The mechanical properties of the extracellular matrix (ECM) are integral to the behavior and function of the overlying cells and to the development and tissue architecture of an organism. Indeed, alterations in ECM stiffness or a cell’s perception of such stiffness can lead to pathological conditions. In addition to remodeling of the cytoskeleton, mechanoresponses involve changes in gene activation. By performing a bioinformatic analysis of the differential expression of genes in cultured mammary epithelial cells (MECs) exposed to ECMs of varying stiffness, Dupont et al. discovered an association between genes regulated by enhanced stiffness and gene signatures characteristic of the transcriptional regulators YAP (Yes-associated protein) and TAZ (transcriptional coactivator with PDZ-binding motif), which have been implicated in signaling by the Hippo pathway.
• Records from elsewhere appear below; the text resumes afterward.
(* Let $m,n\ge1$, $\mathcal{H}=\mathbb{R}^{m\times n}$ with $\langle\mathbf{A},\mathbf{B}\rangle_{\mathcal{H}}=\mathbf{A}^\intercal\mathbf{B}$, and let $\mathbf{V}\in\mathbb{R}^{n\times n}$ be a nonzero symmetric matrix such that $\langle\langle\mathbf{X},\mathbf{X}\rangle_{\mathcal{H}},\mathbf{V}/\|\mathbf{V}\|\rangle\ge0$ for all $\mathbf{X}\in\mathcal{H}$; set $\|\mathbf{X}\|_{\mathcal{H}}(\mathbf{V})=\big(\langle\langle\mathbf{X},\mathbf{X}\rangle_{\mathcal{H}},\mathbf{V}/\|\mathbf{V}\|\rangle\big)^{1/2}$. Let $\mathcal{S}=(\mathbf{X}_1,\dots,\mathbf{X}_N)$ be a finite sequence of matrices in $\mathcal{H}$ and define $$\mathcal{H}\circ\mathcal{S}=\Big\{\Big(\big\langle\langle\mathbf{W},\mathbf{X}_1\rangle_{\mathcal{H}},\tfrac{\mathbf{V}}{\|\mathbf{V}\|}\big\rangle,\dots,\big\langle\langle\mathbf{W},\mathbf{X}_N\rangle_{\mathcal{H}},\tfrac{\mathbf{V}}{\|\mathbf{V}\|}\big\rangle\Big):\ \|\mathbf{W}\|_{\mathcal{H}}(\mathbf{V})\le1\Big\}\subseteq\mathbb{R}^N.$$ Then $R(\mathcal{H}\circ\mathcal{S})\le\dfrac{\max_i\|\mathbf{X}_i\|_{\mathcal{H}}(\mathbf{V})}{\sqrt N}$.
   Context: $\langle\cdot,\cdot\rangle$ is the Frobenius inner product and $\|\cdot\|$ the Frobenius norm. For $\mathcal{A}\subseteq\mathbb{R}^N$, the Rademacher complexity is $R(\mathcal{A})=\frac1N\mathbb{E}_{\bm\sigma}\big[\sup_{\mathbf{a}\in\mathcal{A}}\sum_{i=1}^N\sigma_ia_i\big]$, where $\sigma_1,\dots,\sigma_N$ are i.i.d. uniform on $\{\pm1\}$. *)

theory Defs
  imports "HOL-Analysis.Analysis"
begin

text \<open>Matrices are rendered as real^'n^'m (m x n). The Frobenius inner product of
  two matrices is the library inner product on real^'n^'n (sum of entrywise
  products), and the Frobenius norm is the library norm.\<close>

definition hinner :: "real^'n^'m \<Rightarrow> real^'n^'m \<Rightarrow> real^'n^'n" where
  "hinner A B = transpose A ** B"

definition vpair :: "real^'n^'n \<Rightarrow> real^'n^'m \<Rightarrow> real^'n^'m \<Rightarrow> real" where
  "vpair V A B = hinner A B \<bullet> ((1 / norm V) *\<^sub>R V)"

definition hnorm :: "real^'n^'n \<Rightarrow> real^'n^'m \<Rightarrow> real" where
  "hnorm V X = sqrt (vpair V X X)"

text \<open>Rademacher complexity of A (vectors in R^N represented as nat => real, only
  indices < N matter): (1/N) E_sigma sup_{a in A} sum_i sigma_i a_i, with sigma
  uniform on {-1,1}^N, so the expectation is the average over all 2^N sign vectors.\<close>
definition rademacher :: "nat \<Rightarrow> (nat \<Rightarrow> real) set \<Rightarrow> real" where
  "rademacher N A =
     (1 / real N) * ((\<Sum>\<sigma>\<in>({..<N} \<rightarrow>\<^sub>E {-1, 1}). Sup ((\<lambda>a. \<Sum>i<N. \<sigma> i * a i) ` A)) / 2 ^ N)"

end

theory Submission
  imports Defs
begin

text \<open>For a symmetric positive semidefinite bilinear form B and w in its unit ball,
  Cauchy-Schwarz gives \<open>\<Sum>i \<sigma>\<^sub>i B w X\<^sub>i = B w (\<Sum>i \<sigma>\<^sub>i X\<^sub>i) \<le> \<surd>(B s s)\<close> with \<open>s = \<Sum>i \<sigma>\<^sub>i X\<^sub>i\<close>.
  Averaging over the signs and using concavity of the square root, the expectation of
  \<open>\<surd>(B s s)\<close> is at most the square root of the expectation of \<open>B s s\<close>, which is
  \<open>\<Sum>i B X\<^sub>i X\<^sub>i\<close> because distinct Rademacher signs are orthogonal. The last sum is at most
  N times the square of the largest norm.\<close>

lemma sum_sqrt_le_sqrt_card_mult_sum:
  assumes "\<And>x. x \<in> A \<Longrightarrow> f x \<ge> 0"
  shows "(\<Sum>x\<in>A. sqrt (f x)) \<le> sqrt (real (card A) * (\<Sum>x\<in>A. f x))"
proof (rule real_le_rsqrt)
  have "(\<Sum>x\<in>A. sqrt (f x))\<^sup>2 \<le> (\<Sum>x\<in>A. (sqrt (f x))\<^sup>2) * card A"
    by (rule sum_squared_le_sum_of_squares)
  also have "\<dots> = real (card A) * (\<Sum>x\<in>A. f x)"
    using assms by simp
  finally show "(\<Sum>x\<in>A. sqrt (f x))\<^sup>2 \<le> real (card A) * (\<Sum>x\<in>A. f x)" .
qed

lemma sum_sign_vectors_mult:
  assumes "i < N" "j < N"
  shows "(\<Sum>\<sigma>\<in>{..<N} \<rightarrow>\<^sub>E {-1, 1::real}. \<sigma> i * \<sigma> j) = (if i = j then 2 ^ N else 0)"
proof (cases "i = j")
  case True
  then have "(\<Sum>\<sigma>\<in>{..<N} \<rightarrow>\<^sub>E {-1, 1::real}. \<sigma> i * \<sigma> j) = (\<Sum>\<sigma>\<in>{..<N} \<rightarrow>\<^sub>E {-1, 1::real}. 1)"
    using assms by (intro sum.cong) (auto simp: PiE_def Pi_def)
  with True show ?thesis
    by (simp add: card_PiE numeral_2_eq_2)
next
  case False
  define P where "P = {..<N} \<rightarrow>\<^sub>E {-1, 1::real}"
  define flip where "flip \<sigma> = \<sigma>(i := - \<sigma> i)" for \<sigma> :: "nat \<Rightarrow> real"
  have "(\<Sum>\<sigma>\<in>P. \<sigma> i * \<sigma> j) = (\<Sum>\<sigma>\<in>P. - (\<sigma> i * \<sigma> j))"
    using assms False
    by (intro sum.reindex_bij_witness[of P flip flip])
       (auto simp: P_def flip_def PiE_def Pi_def extensional_def)
  then have "(\<Sum>\<sigma>\<in>P. \<sigma> i * \<sigma> j) = 0"
    by (simp add: sum_negf)
  with False show ?thesis
    by (simp add: P_def)
qed

lemma sum_sign_vectors_bilinear:
  fixes B :: "'a::real_vector \<Rightarrow> 'a \<Rightarrow> real"
  assumes "bilinear B"
  shows "(\<Sum>\<sigma>\<in>{..<N} \<rightarrow>\<^sub>E {-1, 1}. B (\<Sum>i<N. \<sigma> i *\<^sub>R x i) (\<Sum>i<N. \<sigma> i *\<^sub>R x i))
           = 2 ^ N * (\<Sum>i<N. B (x i) (x i))"
proof -
  define P where "P = {..<N} \<rightarrow>\<^sub>E {-1, 1::real}"
  have "(\<Sum>\<sigma>\<in>P. B (\<Sum>i<N. \<sigma> i *\<^sub>R x i) (\<Sum>i<N. \<sigma> i *\<^sub>R x i))
      = (\<Sum>\<sigma>\<in>P. \<Sum>i<N. \<Sum>j<N. \<sigma> i * \<sigma> j * B (x i) (x j))"
    by (simp add: bilinear_sum[OF assms] bilinear_lmul[OF assms] bilinear_rmul[OF assms]
        mult.assoc mult.left_commute flip: sum.cartesian_product)
  also have "\<dots> = (\<Sum>i<N. \<Sum>\<sigma>\<in>P. \<Sum>j<N. \<sigma> i * \<sigma> j * B (x i) (x j))"
    by (rule sum.swap)
  also have "\<dots> = (\<Sum>i<N. \<Sum>j<N. \<Sum>\<sigma>\<in>P. \<sigma> i * \<sigma> j * B (x i) (x j))"
    by (intro sum.cong refl) (rule sum.swap)
  also have "\<dots> = (\<Sum>i<N. \<Sum>j<N. (\<Sum>\<sigma>\<in>P. \<sigma> i * \<sigma> j) * B (x i) (x j))"
    by (simp add: sum_distrib_right)
  also have "\<dots> = (\<Sum>i<N. \<Sum>j<N. if i = j then 2 ^ N * B (x i) (x j) else 0)"
    by (intro sum.cong refl) (simp add: P_def sum_sign_vectors_mult)
  also have "\<dots> = 2 ^ N * (\<Sum>i<N. B (x i) (x i))"
    by (simp add: sum_distrib_left)
  finally show ?thesis
    by (simp add: P_def)
qed

locale psd_bilinear_form =
  fixes B :: "'a::real_vector \<Rightarrow> 'a \<Rightarrow> real"
  assumes bilinear: "bilinear B"
    and commute: "B y x = B x y"
    and nonneg: "B x x \<ge> 0"
begin

lemma quadratic_expansion: "B (t *\<^sub>R w - x) (t *\<^sub>R w - x) = t\<^sup>2 * B w w - 2 * t * B w x + B x x"
proof -
  have "B (t *\<^sub>R w - x) (t *\<^sub>R w - x) = t * (t * B w w) - t * B w x - t * B x w + B x x"
    by (simp add: bilinear_lsub[OF bilinear] bilinear_rsub[OF bilinear] bilinear_lmul[OF bilinear]
        bilinear_rmul[OF bilinear] right_diff_distrib)
  then show ?thesis
    by (simp add: commute[of x w] power2_eq_square)
qed

lemma cauchy_schwarz_unit_ball:
  assumes "B w w \<le> 1"
  shows "B w x \<le> sqrt (B x x)"
proof -
  have quadratic: "2 * t * B w x \<le> t\<^sup>2 + B x x" if "t > 0" for t
  proof -
    have "0 \<le> t\<^sup>2 * B w w - 2 * t * B w x + B x x"
      using nonneg[of "t *\<^sub>R w - x"] by (simp only: quadratic_expansion)
    moreover have "t\<^sup>2 * B w w \<le> t\<^sup>2"
      using assms by (simp add: mult_left_le)
    ultimately show ?thesis by linarith
  qed
  show ?thesis
  proof (cases "B x x = 0")
    case True
    show ?thesis
    proof (rule ccontr)
      assume "\<not> ?thesis"
      then have "B w x > 0" using True by simp
      then show False
        using quadratic[of "B w x"] True by (simp add: power2_eq_square)
    qed
  next
    case False
    then have "sqrt (B x x) > 0" using nonneg[of x] by simp
    moreover have "sqrt (B x x) * B w x \<le> sqrt (B x x) * sqrt (B x x)"
      using quadratic[of "sqrt (B x x)"] calculation nonneg[of x] by simp
    ultimately show ?thesis
      by (metis mult_left_le_imp_le)
  qed
qed

lemma rademacher_unit_ball_le:
  "rademacher N {(\<lambda>i. B w (x i)) | w. B w w \<le> 1} \<le> sqrt (\<Sum>i<N. B (x i) (x i)) / real N"
proof -
  define P where "P = {..<N} \<rightarrow>\<^sub>E {-1, 1::real}"
  define F where "F = {(\<lambda>i. B w (x i)) | w. B w w \<le> 1}"
  define s where "s \<sigma> = (\<Sum>i<N. \<sigma> i *\<^sub>R x i)" for \<sigma>
  define sup_F where "sup_F \<sigma> = Sup ((\<lambda>a. \<Sum>i<N. \<sigma> i * a i) ` F)" for \<sigma>
  have pair_s: "B w (s \<sigma>) = (\<Sum>i<N. \<sigma> i * B w (x i))" for w \<sigma>
  proof -
    have "linear (B w)" using bilinear by (simp add: bilinear_def)
    then show ?thesis by (simp add: s_def linear_sum linear_scale)
  qed
  have sup_F_le: "sup_F \<sigma> \<le> sqrt (B (s \<sigma>) (s \<sigma>))" for \<sigma>
    unfolding sup_F_def
  proof (rule cSup_least)
    have "(\<lambda>i. B 0 (x i)) \<in> F"
      using bilinear_lzero[OF bilinear] unfolding F_def by force
    then show "(\<lambda>a. \<Sum>i<N. \<sigma> i * a i) ` F \<noteq> {}"
      by blast
  next
    fix y assume "y \<in> (\<lambda>a. \<Sum>i<N. \<sigma> i * a i) ` F"
    then obtain w where "B w w \<le> 1" "y = B w (s \<sigma>)"
      by (auto simp: F_def pair_s)
    then show "y \<le> sqrt (B (s \<sigma>) (s \<sigma>))"
      using cauchy_schwarz_unit_ball by simp
  qed
  have "(\<Sum>\<sigma>\<in>P. sup_F \<sigma>) \<le> (\<Sum>\<sigma>\<in>P. sqrt (B (s \<sigma>) (s \<sigma>)))"
    by (intro sum_mono sup_F_le)
  also have "\<dots> \<le> sqrt (real (card P) * (\<Sum>\<sigma>\<in>P. B (s \<sigma>) (s \<sigma>)))"
    by (intro sum_sqrt_le_sqrt_card_mult_sum nonneg)
  also have "\<dots> = 2 ^ N * sqrt (\<Sum>i<N. B (x i) (x i))"
    by (simp add: P_def s_def card_PiE sum_sign_vectors_bilinear[OF bilinear] real_sqrt_mult
        numeral_2_eq_2 flip: power_mult_distrib)
  finally have "1 / real N * ((\<Sum>\<sigma>\<in>P. sup_F \<sigma>) / 2 ^ N) \<le> 1 / real N * sqrt (\<Sum>i<N. B (x i) (x i))"
    by (intro mult_left_mono) (simp_all add: pos_divide_le_eq mult.commute)
  then show ?thesis
    by (simp add: rademacher_def F_def P_def sup_F_def)
qed

end

lemma bilinear_hinner: "bilinear hinner"
  unfolding bilinear_def
  by (auto intro!: linearI simp: hinner_def matrix_matrix_mult_def transpose_def vec_eq_iff
      sum.distrib sum_distrib_left algebra_simps)

lemma bilinear_vpair: "bilinear (vpair V)"
  unfolding bilinear_def vpair_def
  by (auto intro!: linearI simp: bilinear_ladd[OF bilinear_hinner] bilinear_radd[OF bilinear_hinner]
      bilinear_lmul[OF bilinear_hinner] bilinear_rmul[OF bilinear_hinner] inner_add_left add_divide_distrib)

lemma inner_transpose_left:
  fixes A :: "real^'n^'m"
  shows "transpose A \<bullet> B = A \<bullet> transpose B"
  unfolding inner_vec_def transpose_def by (simp, subst sum.swap) (simp add: mult.commute)

lemma vpair_commute:
  assumes "transpose V = V"
  shows "vpair V B A = vpair V A B"
  unfolding vpair_def hinner_def
  by (metis assms inner_transpose_left matrix_transpose_mul transpose_scalar transpose_transpose)

lemma psd_bilinear_form_vpair:
  assumes "transpose V = V" and "\<forall>Y :: real^'n^'m. vpair V Y Y \<ge> 0"
  shows "psd_bilinear_form (vpair V :: real^'n^'m \<Rightarrow> _)"
  using bilinear_vpair vpair_commute[OF assms(1)] assms(2) by unfold_locales auto

lemma sqrt_sum_squares_div_le_Max:
  fixes f :: "nat \<Rightarrow> real"
  assumes "N \<ge> 1" and "\<And>i. f i \<ge> 0"
  shows "sqrt (\<Sum>i<N. (f i)\<^sup>2) / real N \<le> (MAX i\<in>{..<N}. f i) / sqrt (real N)"
proof -
  define M where "M = (MAX i\<in>{..<N}. f i)"
  have le_M: "f i \<le> M" if "i < N" for i
    using that by (simp add: M_def)
  have "M \<ge> 0"
    using assms(1) assms(2)[of 0] le_M[of 0] by linarith
  have "(\<Sum>i<N. (f i)\<^sup>2) \<le> (\<Sum>i<N. M\<^sup>2)"
    using assms(2) le_M by (intro sum_mono power_mono) auto
  then have "sqrt (\<Sum>i<N. (f i)\<^sup>2) \<le> sqrt (real N * M\<^sup>2)"
    by (simp add: real_sqrt_le_mono)
  also have "\<dots> = sqrt (real N) * M"
    using \<open>M \<ge> 0\<close> by (simp add: real_sqrt_mult)
  finally have "sqrt (\<Sum>i<N. (f i)\<^sup>2) / real N \<le> sqrt (real N) * M / real N"
    by (simp add: divide_right_mono)
  also have "\<dots> = M / sqrt (real N)"
    using assms(1) by (simp add: field_simps)
  finally show ?thesis
    by (simp add: M_def)
qed

theorem lemma3:
  fixes V :: "real^'n^'n" and X :: "nat \<Rightarrow> real^'n^'m" and N :: nat
  assumes "N \<ge> 1"
    and "V \<noteq> 0"
    and "transpose V = V"
    and "\<forall>Y :: real^'n^'m. vpair V Y Y \<ge> 0"
  shows "rademacher N {(\<lambda>i. vpair V W (X i)) | W. hnorm V W \<le> 1}
           \<le> (MAX i\<in>{..<N}. hnorm V (X i)) / sqrt (real N)"
proof -
  interpret psd_bilinear_form "vpair V :: real^'n^'m \<Rightarrow> _"
    using assms(3,4) by (rule psd_bilinear_form_vpair)
  have hnorm_sq: "(hnorm V Y)\<^sup>2 = vpair V Y Y" for Y :: "real^'n^'m"
    by (simp add: hnorm_def nonneg)
  have "rademacher N {(\<lambda>i. vpair V W (X i)) | W. hnorm V W \<le> 1}
      = rademacher N {(\<lambda>i. vpair V W (X i)) | W. vpair V W W \<le> 1}"
    by (simp add: hnorm_def)
  also have "\<dots> \<le> sqrt (\<Sum>i<N. (hnorm V (X i))\<^sup>2) / real N"
    unfolding hnorm_sq by (rule rademacher_unit_ball_le)
  also have "\<dots> \<le> (MAX i\<in>{..<N}. hnorm V (X i)) / sqrt (real N)"
    using assms(1) by (rule sqrt_sum_squares_div_le_Max) (simp add: hnorm_def nonneg)
  finally show ?thesis .
qed

end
Real-time reverse transcription polymerase chain reaction analysis demonstrated the expression of two YAP- and TAZ-regulated genes, CTGF and ANKRD1, in human MECs grown on stiff hydrogels, whereas the activity of YAP and TAZ in MECs grown on soft matrices was comparable to that in cells treated with YAP- and TAZ-specific short interfering RNAs. Immunofluorescence analysis revealed that YAP and TAZ were localized in the nucleus in MECs grown on hard matrices, whereas both proteins were predominantly cytoplasmic in cells grown on softer ECMs. Cell spreading was sufficient to induce the nuclear localization of YAP and TAZ, but cell-to-cell contact was not required. Moreover, activation of the small guanosine triphosphatase Rho by cell spreading and the resulting tension of the actin cytoskeleton (through the formation of stress fibers) were required for the localization and retention of YAP and TAZ in the nucleus and for their transcriptional activity; these responses were unaffected by depletion of the Hippo signaling component LATS. Depletion of YAP and TAZ prevented the osteogenic differentiation that occurs when mesenchymal stem cells (MSCs) are grown on a stiff ECM. Conversely, YAP- and TAZ-depleted MSCs grown on stiff ECM underwent adipogenic differentiation, a cell fate that normally occurs only in cells grown on a soft matrix. Together, these data suggest that YAP and TAZ act as sensors and mediators of mechanical signals from the environment and may play a role in cell fate determination by the ECM.

S. Dupont, L. Morsut, M. Aragona, E. Enzo, S. Giulitti, M. Cordenonsi, F. Zanconato, J. Le Digabel, M. Forcato, S. Bicciato, N. Elvassore, S. Piccolo, Role of YAP/TAZ in mechanotransduction. Nature 474, 179–183 (2011). [PubMed]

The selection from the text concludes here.